Advocates gathered Nov. 23 to urge state legislators to maintain funding and programs for the developmentally disabled.
The 20th annual Legislative Forum on Developmental Disabilities was held in Seattle. Two Federal Way residents spoke of their experiences raising children with developmental disabilities.
“What I am advocating for tonight is the recognition of the situation we face,” Federal Way resident Uta Tipper said.
Legislators are predicting another tough legislative session. Difficult decisions and unwanted cuts will have to be made. Developmentally disabled individuals and their caregivers hope they are spared from the cuts. They rely on state help and programs to get by, Tipper said in a personal interview. Legislators are compassionate toward the situation, but that is not enough, she said.
“A lot of the programs are either enhanced or eliminated based on budgets,” Tipper said. “Compassion is one thing, but action is another, and we need continued action.”
Advocates speak out
The forum championed for the resources needed to begin and continue providing for developmentally disabled children and adults.
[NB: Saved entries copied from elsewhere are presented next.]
(* Let $f:\mathbb{R}^n\to\mathbb{R}\cup\{+\infty\}$ be a polyhedral M-convex function with bounded $\operatorname{dom}_{\mathbb{R}} f$. Then for all $x,y\in\operatorname{dom}_{\mathbb{R}} f$, $f(y)-f(x)\ge\tfrac12\|y-x\|_1\,\phi_{\mathbb{R}}(x)$.
   Context: $N=\{1,\dots,n\}$; $\chi_i$ is the $i$-th unit vector. $\operatorname{dom}_{\mathbb{R}} f=\{x\in\mathbb{R}^n:f(x)<+\infty\}$. A polyhedral convex function $f:\mathbb{R}^n\to\mathbb{R}\cup\{+\infty\}$ (epigraph a polyhedron, $\operatorname{dom}_{\mathbb{R}} f\neq\emptyset$) is M-convex if for all $x,y\in\operatorname{dom}_{\mathbb{R}} f$ and every $i$ with $x(i)>y(i)$ there exist $j$ with $x(j)<y(j)$ and $\epsilon_0>0$ such that $f(x)+f(y)\ge f(x-\epsilon(\chi_i-\chi_j))+f(y+\epsilon(\chi_i-\chi_j))$ for all $\epsilon\in[0,\epsilon_0]$. For $x\in\operatorname{dom}_{\mathbb{R}} f$, $f'_{\mathbb{R}}(x;i,j)=\lim_{\alpha\downarrow0}(f(x+\alpha(\chi_i-\chi_j))-f(x))/\alpha$ (possibly $+\infty$), and $\phi_{\mathbb{R}}(x)=\min_{i,j\in N}f'_{\mathbb{R}}(x;i,j)$. *)

theory Defs
  imports "HOL-Analysis.Analysis"
begin

text \<open>Functions R^n -> R \<union> {+\<infinity>} are modelled as maps into ereal that never take -\<infinity>.\<close>

definition domR :: "(real^'n \<Rightarrow> ereal) \<Rightarrow> (real^'n) set" where
  "domR f = {x. f x < \<infinity>}"

definition epigraph_ext :: "(real^'n \<Rightarrow> ereal) \<Rightarrow> ((real^'n) \<times> real) set" where
  "epigraph_ext f = {(x, t). f x \<le> ereal t}"

definition polyhedral_convex :: "(real^'n \<Rightarrow> ereal) \<Rightarrow> bool" where
  "polyhedral_convex f \<longleftrightarrow> (\<forall>x. f x \<noteq> -\<infinity>) \<and> polyhedron (epigraph_ext f) \<and> domR f \<noteq> {}"

definition dvec :: "'n::finite \<Rightarrow> 'n \<Rightarrow> real^'n" where
  "dvec i j = axis i 1 - axis j 1"

definition M_convex :: "(real^'n::finite \<Rightarrow> ereal) \<Rightarrow> bool" where
  "M_convex f \<longleftrightarrow> polyhedral_convex f \<and>
     (\<forall>x\<in>domR f. \<forall>y\<in>domR f. \<forall>i. x$i > y$i \<longrightarrow>
        (\<exists>j. x$j < y$j \<and> (\<exists>\<epsilon>0>0. \<forall>\<epsilon>\<in>{0..\<epsilon>0}.
           f x + f y \<ge> f (x - \<epsilon> *\<^sub>R dvec i j) + f (y + \<epsilon> *\<^sub>R dvec i j))))"

definition dirderR :: "(real^'n::finite \<Rightarrow> ereal) \<Rightarrow> real^'n \<Rightarrow> 'n \<Rightarrow> 'n \<Rightarrow> ereal" where
  "dirderR f x i j = Lim (at_right 0) (\<lambda>\<alpha>::real. (f (x + \<alpha> *\<^sub>R dvec i j) - f x) / ereal \<alpha>)"

definition phiR :: "(real^'n::finite \<Rightarrow> ereal) \<Rightarrow> real^'n \<Rightarrow> ereal" where
  "phiR f x = Min {dirderR f x i j | i j. True}"

end

theory Submission
  imports Defs
begin

text \<open>Write |v| for the l1-norm and let p \<le> f'(x;j,i) for all i, j. Suppose f y - f x < |y - x| p / 2,
  with defect c < 0 at y. The set A of points z with f z \<le> f x + c + |z - x| p / 2 is closed (the
  epigraph is closed) and bounded (it lies in the domain), so some z \<in> A is l1-closest to x; z \<noteq> x
  because c < 0. The exchange axiom for x and z moves z by e(\<chi>i - \<chi>j) towards x, shrinking the
  distance by 2e, while the simultaneous move of x by e(\<chi>j - \<chi>i) costs at least e p by convexity.
  Hence the moved point still lies in A, contradicting the choice of z.\<close>

lemma epigraph_convex_diff_quotient_mono:
  fixes f :: "real^'n::finite \<Rightarrow> ereal"
  assumes cv: "convex (epigraph_ext f)" and nm: "\<forall>z. f z \<noteq> -\<infinity>"
    and fx: "f x = ereal fx" and s: "0 < s" "s \<le> t"
  shows "(f (x + s *\<^sub>R d) - f x) / ereal s \<le> (f (x + t *\<^sub>R d) - f x) / ereal t"
proof (cases "f (x + t *\<^sub>R d)")
  case PInf
  then show ?thesis using s fx by simp
next
  case MInf
  then show ?thesis using nm by blast
next
  case (real r)
  have t: "t > 0" using s by linarith
  define u where "u = s / t"
  have u: "0 < u" "u \<le> 1" using s t by (auto simp: u_def)
  have "(x, fx) \<in> epigraph_ext f" "(x + t *\<^sub>R d, r) \<in> epigraph_ext f"
    using fx real by (simp_all add: epigraph_ext_def)
  from convexD[OF cv this, of "1 - u" u]
  have "(1 - u) *\<^sub>R (x, fx) + u *\<^sub>R (x + t *\<^sub>R d, r) \<in> epigraph_ext f"
    using u by simp
  moreover have "(1 - u) *\<^sub>R x + u *\<^sub>R (x + t *\<^sub>R d) = x + s *\<^sub>R d"
    using t by (simp add: u_def algebra_simps)
  ultimately have le: "f (x + s *\<^sub>R d) \<le> ereal ((1 - u) * fx + u * r)"
    by (simp add: epigraph_ext_def)
  then obtain a where a: "f (x + s *\<^sub>R d) = ereal a"
    using nm by (cases "f (x + s *\<^sub>R d)") auto
  have "(a - fx) / s \<le> (r - fx) / t"
    using le a s t by (simp add: u_def field_simps)
  then show ?thesis using a real fx s t by simp
qed

lemma epigraph_convex_Lim_diff_quotient_le:
  fixes f :: "real^'n::finite \<Rightarrow> ereal"
  assumes cv: "convex (epigraph_ext f)" and nm: "\<forall>z. f z \<noteq> -\<infinity>"
    and fx: "f x = ereal fx" and t: "0 < t"
  shows "Lim (at_right 0) (\<lambda>\<alpha>::real. (f (x + \<alpha> *\<^sub>R d) - f x) / ereal \<alpha>)
         \<le> (f (x + t *\<^sub>R d) - f x) / ereal t"
proof -
  define q where "q = (\<lambda>\<alpha>::real. (f (x + \<alpha> *\<^sub>R d) - f x) / ereal \<alpha>)"
  define L where "L = (INF s\<in>{0<..}. q s)"
  have mono: "\<And>s s'. 0 < s \<Longrightarrow> s \<le> s' \<Longrightarrow> q s \<le> q s'"
    unfolding q_def using epigraph_convex_diff_quotient_mono[OF cv nm fx] by blast
  have "(q \<longlongrightarrow> L) (at_right 0)"
  proof (rule order_tendstoI)
    fix a assume "a < L"
    then show "\<forall>\<^sub>F s in at_right 0. a < q s"
      unfolding L_def eventually_at_right[OF zero_less_one]
      by (intro exI[of _ 1]) (auto intro: less_le_trans INF_lower)
  next
    fix a assume "L < a"
    then obtain t0 where t0: "t0 > 0" "q t0 < a"
      unfolding L_def by (auto simp: INF_less_iff)
    then have "\<And>s. 0 < s \<Longrightarrow> s < t0 \<Longrightarrow> q s < a"
      using mono by (meson le_less_trans less_imp_le)
    then show "\<forall>\<^sub>F s in at_right 0. q s < a"
      unfolding eventually_at_right[OF zero_less_one]
      using t0 by (intro exI[of _ "min 1 t0"]) auto
  qed
  then have "Lim (at_right 0) q = L"
    by (intro tendsto_Lim) (simp_all add: trivial_limit_at_right_real)
  also have "L \<le> q t" unfolding L_def using t by (auto intro: INF_lower)
  finally show ?thesis unfolding q_def .
qed

lemma dirderR_le_diff_quotient:
  assumes "polyhedral_convex f" and "f x = ereal fx" and "0 < t"
  shows "dirderR f x i j \<le> (f (x + t *\<^sub>R dvec i j) - f x) / ereal t"
  unfolding dirderR_def using assms
  by (intro epigraph_convex_Lim_diff_quotient_le)
     (auto simp: polyhedral_convex_def polyhedron_imp_convex)

lemma dirderR_same: "f x = ereal fx \<Longrightarrow> dirderR f x i i = 0"
  by (simp add: dirderR_def dvec_def tendsto_Lim[OF _ tendsto_const] trivial_limit_at_right_real)

lemma phiR_le_dirderR: "phiR f x \<le> dirderR f x i j"
proof -
  have "{dirderR f x i j | i j. True} = (\<lambda>(i, j). dirderR f x i j) ` UNIV" by auto
  then have "finite {dirderR f x i j | i j. True}" by simp
  then show ?thesis unfolding phiR_def by (rule Min_le) blast
qed

lemma sum_abs_diff_add_dvec:
  fixes x z :: "real^'n::finite"
  assumes "0 < e" "e \<le> x$i - z$i" "e \<le> z$j - x$j"
  shows "(\<Sum>k\<in>UNIV. \<bar>(z + e *\<^sub>R dvec i j)$k - x$k\<bar>) = (\<Sum>k\<in>UNIV. \<bar>z$k - x$k\<bar>) - 2 * e"
proof -
  have "i \<noteq> j" using assms by (cases "i = j") auto
  then have "\<bar>(z + e *\<^sub>R dvec i j)$k - x$k\<bar>
      = \<bar>z$k - x$k\<bar> - (if k = i then e else 0) - (if k = j then e else 0)" for k
    using assms by (auto simp: dvec_def axis_def)
  then show ?thesis by (simp add: sum_subtractf)
qed

lemma closed_sublevel_below_continuous:
  assumes "closed (epigraph_ext f)" and "continuous_on UNIV r"
  shows "closed {z. f z \<le> ereal (r z)}"
proof -
  have "{z. f z \<le> ereal (r z)} = (\<lambda>z. (z, r z)) -` epigraph_ext f"
    by (auto simp: epigraph_ext_def)
  moreover have "continuous_on UNIV (\<lambda>z. (z, r z))"
    using assms(2) by (intro continuous_intros)
  ultimately show ?thesis using closed_vimage[OF assms(1)] by simp
qed

lemma M_convex_exchange_towards:
  assumes M: "M_convex f" and x: "x \<in> domR f" and z: "z \<in> domR f" and "z \<noteq> x"
  obtains i j e where "0 < e" "e \<le> x$i - z$i" "e \<le> z$j - x$j"
    and "f (x + e *\<^sub>R dvec j i) + f (z + e *\<^sub>R dvec i j) \<le> f x + f z"
proof -
  have exch: "\<And>u v i. u \<in> domR f \<Longrightarrow> v \<in> domR f \<Longrightarrow> u$i > v$i \<Longrightarrow>
      \<exists>j. u$j < v$j \<and> (\<exists>\<epsilon>0>0. \<forall>\<epsilon>\<in>{0..\<epsilon>0}.
        f u + f v \<ge> f (u - \<epsilon> *\<^sub>R dvec i j) + f (v + \<epsilon> *\<^sub>R dvec i j))"
    using M unfolding M_convex_def by blast
  obtain i where i: "x$i > z$i"
  proof (rule ccontr)
    assume "\<not> thesis"
    then have le: "\<And>k. x$k \<le> z$k" using that by (meson not_le)
    obtain k where "z$k \<noteq> x$k" using \<open>z \<noteq> x\<close> by (auto simp: vec_eq_iff)
    then have "z$k > x$k" using le[of k] by simp
    then obtain j where "z$j < x$j" using exch[OF z x] by blast
    then show False using le[of j] by simp
  qed
  obtain j e0 where j: "x$j < z$j" and "e0 > 0"
    and e0: "\<And>e. e \<in> {0..e0} \<Longrightarrow> f (x - e *\<^sub>R dvec i j) + f (z + e *\<^sub>R dvec i j) \<le> f x + f z"
    using exch[OF x z i] by blast
  define e where "e = min e0 (min (x$i - z$i) (z$j - x$j))"
  have "0 < e" "e \<le> x$i - z$i" "e \<le> z$j - x$j" "e \<in> {0..e0}"
    using \<open>e0 > 0\<close> i j by (auto simp: e_def)
  moreover have "x - e *\<^sub>R dvec i j = x + e *\<^sub>R dvec j i"
    by (simp add: dvec_def algebra_simps)
  ultimately show thesis using that e0 by metis
qed

lemma M_convex_diff_ge_real:
  fixes f :: "real^'n::finite \<Rightarrow> ereal"
  assumes M: "M_convex f" and bd: "bounded (domR f)"
    and fx: "f x = ereal fx" and fy: "f y = ereal fy"
    and p: "\<And>i j. ereal p \<le> dirderR f x i j"
  shows "(1/2) * (\<Sum>k\<in>UNIV. \<bar>y$k - x$k\<bar>) * p \<le> fy - fx"
proof (rule ccontr)
  define D where "D = (\<lambda>z::real^'n. \<Sum>k\<in>UNIV. \<bar>z$k - x$k\<bar>)"
  define c where "c = fy - fx - (1/2) * D y * p"
  define r where "r = (\<lambda>z. fx + c + (1/2) * p * D z)"
  define A where "A = {z. f z \<le> ereal (r z)}"
  assume "\<not> ?thesis"
  then have "c < 0" unfolding c_def D_def by simp
  have pc: "polyhedral_convex f" using M by (simp add: M_convex_def)
  then have nm: "\<forall>z. f z \<noteq> -\<infinity>" by (simp add: polyhedral_convex_def)
  have contD: "continuous_on S D" for S unfolding D_def by (intro continuous_intros)
  have "closed A"
    unfolding A_def r_def using pc contD
    by (intro closed_sublevel_below_continuous continuous_intros)
       (auto simp: polyhedral_convex_def polyhedron_imp_closed)
  moreover have Adom: "A \<subseteq> domR f"
    unfolding A_def domR_def by (auto intro: le_less_trans)
  ultimately have cA: "compact A" using bd by (simp add: compact_eq_bounded_closed bounded_subset)
  have "y \<in> A" unfolding A_def r_def c_def using fy by simp
  then obtain z where zA: "z \<in> A" and zmin: "\<And>w. w \<in> A \<Longrightarrow> D z \<le> D w"
    using continuous_attains_inf[OF cA _ contD] by blast
  then have zdom: "z \<in> domR f" using Adom by blast
  obtain fz where fz: "f z = ereal fz" using zdom nm by (cases "f z") (auto simp: domR_def)
  have fzr: "fz \<le> r z" using zA fz by (simp add: A_def)
  have "z \<noteq> x"
  proof
    assume "z = x"
    then have "D z = 0" by (simp add: D_def)
    then show False using fzr fx fz \<open>z = x\<close> \<open>c < 0\<close> by (simp add: r_def)
  qed
  moreover have "x \<in> domR f" using fx by (simp add: domR_def)
  ultimately obtain i j e where e: "0 < e" "e \<le> x$i - z$i" "e \<le> z$j - x$j"
    and ex: "f (x + e *\<^sub>R dvec j i) + f (z + e *\<^sub>R dvec i j) \<le> f x + f z"
    using M_convex_exchange_towards[OF M _ zdom] by blast
  define z' where "z' = z + e *\<^sub>R dvec i j"
  have Dz': "D z' = D z - 2 * e"
    unfolding D_def z'_def using sum_abs_diff_add_dvec[OF e] by simp
  have ex': "f (x + e *\<^sub>R dvec j i) + f z' \<le> ereal (fx + fz)"
    using ex fx fz unfolding z'_def by simp
  obtain a where a: "f (x + e *\<^sub>R dvec j i) = ereal a"
    using ex' nm by (cases "f (x + e *\<^sub>R dvec j i)"; cases "f z'") auto
  obtain b where b: "f z' = ereal b"
    using ex' nm a by (cases "f z'") auto
  have "ereal p \<le> (f (x + e *\<^sub>R dvec j i) - f x) / ereal e"
    using p dirderR_le_diff_quotient[OF pc fx e(1)] by (rule order_trans)
  then have "e * p \<le> a - fx" using a fx e(1) by (simp add: field_simps)
  moreover have "a + b \<le> fx + fz" using ex' a b by simp
  moreover have "p * D z = p * D z' + 2 * (e * p)" unfolding Dz' by (simp add: algebra_simps)
  ultimately have "b \<le> r z'" using fzr unfolding r_def by linarith
  then have "D z \<le> D z'" using b by (intro zmin) (simp add: A_def)
  then show False using Dz' e(1) by simp
qed

theorem mainTheorem13:
  fixes f :: "real^'n::finite \<Rightarrow> ereal"
  assumes "M_convex f"
    and "bounded (domR f)"
    and "x \<in> domR f" and "y \<in> domR f"
  shows "f y - f x \<ge> ereal ((1/2) * (\<Sum>i\<in>UNIV. \<bar>y$i - x$i\<bar>)) * phiR f x"
proof -
  define D where "D = (\<Sum>i\<in>UNIV. \<bar>y$i - x$i\<bar>)"
  have nm: "\<forall>z. f z \<noteq> -\<infinity>" using assms(1) by (simp add: M_convex_def polyhedral_convex_def)
  obtain fx fy where fx: "f x = ereal fx" and fy: "f y = ereal fy"
    using assms(3,4) nm by (cases "f x"; cases "f y") (auto simp: domR_def)
  have "phiR f x \<le> 0"
    using phiR_le_dirderR[of f x undefined undefined] dirderR_same[of f x fx] fx by simp
  then consider p where "phiR f x = ereal p" | "phiR f x = -\<infinity>" by (cases "phiR f x") auto
  then show ?thesis
  proof cases
    case 1
    have "(1/2) * D * p \<le> fy - fx"
      unfolding D_def by (rule M_convex_diff_ge_real[OF assms(1,2) fx fy]) (metis 1 phiR_le_dirderR)
    then show ?thesis using 1 fx fy by (simp add: D_def[symmetric])
  next
    case 2
    \<comment> \<open>in ereal, 0 * -\<infinity> = 0, so the case y = x needs separate treatment\<close>
    have "D \<ge> 0" unfolding D_def by (simp add: sum_nonneg)
    moreover have "y = x" if "D = 0"
      using that unfolding D_def by (subst (asm) sum_nonneg_eq_0_iff) (auto simp: vec_eq_iff)
    ultimately consider "D > 0" | "y = x" "D = 0" by fastforce
    then show ?thesis using 2 fx by cases (simp_all add: D_def[symmetric])
  qed
qed

end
Topics included the early intervention system, establishing insurance equality and best practices for school-age children. The process of building strong communities to address the needs of children and adults in crisis, and the importance of offering transitional services to developmentally disabled high school graduates, were other topics. The group also discussed the aging population of disabled persons.
A lifetime of care
About 45 years ago, Uta and her husband, Michael, had a baby girl. She was born with neurological, physical, medical and mental disabilities. At age 2, Leslie was not speaking, walking or functioning like her peers. A pediatrician recommended a specialist, who discovered Leslie had brain damage. A specific diagnosis was not provided, but the Tippers knew Leslie would struggle throughout her life.
“We, as parents, decided a long time ago that we’d keep Leslie with us in the family and accommodate her needs,” Tipper said.
Leslie received physical, speech and occupational therapy as a child. She attended school and, at one point, held jobs as a daycare helper. At age 25, she began to speak in full sentences. She continues to live with Uta and Michael, who are in their late 60s and 70s, respectively, and have health issues of their own.
“A lot of what we’ve done, we’ve found a way,” Tipper said. “We get older, sicker, but we don’t want to give up.”
As Leslie ages, her health declines. At age 32, an MRI revealed a malformation of Leslie’s brain. She has had two brain surgeries since the discovery. She’s become less social and less able to control her limbs. Social Security and Medicaid help pay the ongoing medical bills.
“If I don’t have to worry about the financial side of it, then I can go ahead with what I need to do much better,” Tipper said.
Twice-over
Tricia Bartell is discovering her family is also facing more and more challenges as two of her triplet sons age. Ian and Conner have autism. They were diagnosed at age 3.
Now, at 12 years old, the boys both experience severe behavioral problems. Ian is non-verbal and has taken to temper tantrums, Bartell said. The tantrums become violent and dangerous, especially as they cause Conner to begin slamming his head into objects, she said. Two adults must be present at all times to control unexpected situations, she said.
Bartell has found some assistance with the Children Intensive In-Home Behavioral Support (CIIBS) waiver.
This program is fairly new and makes room for disabled children enrolled in the program to receive in-home care. Conner is part of the program; Ian is still waiting to be placed. Two coaches assist Conner with life skills and take him on outings. Bartell and her sister, who helps around the home, also receive parent coaching. A consultant visits the house once a week.
The program has allowed Bartell to avoid a difficult decision.
“If we didn’t have this program, we would probably have to decide which (boy) was going to have to be in residential treatment somewhere,” she said.
Still, there are plenty of kids on the waiting list. Conner can only progress so far without Ian also receiving help, Bartell said. Beginning this month, only one child per state per month is placed in the program. It could take up to four years before Ian is placed, Bartell said.
“He could go on Dec. 1 or in 2012,” she said.
Bartell urged legislators to continue the program — and continue supporting developmentally disabled children and adults.
“This is what we need if we are going to be able to keep our children in our homes, where we’d like them to stay,” she said.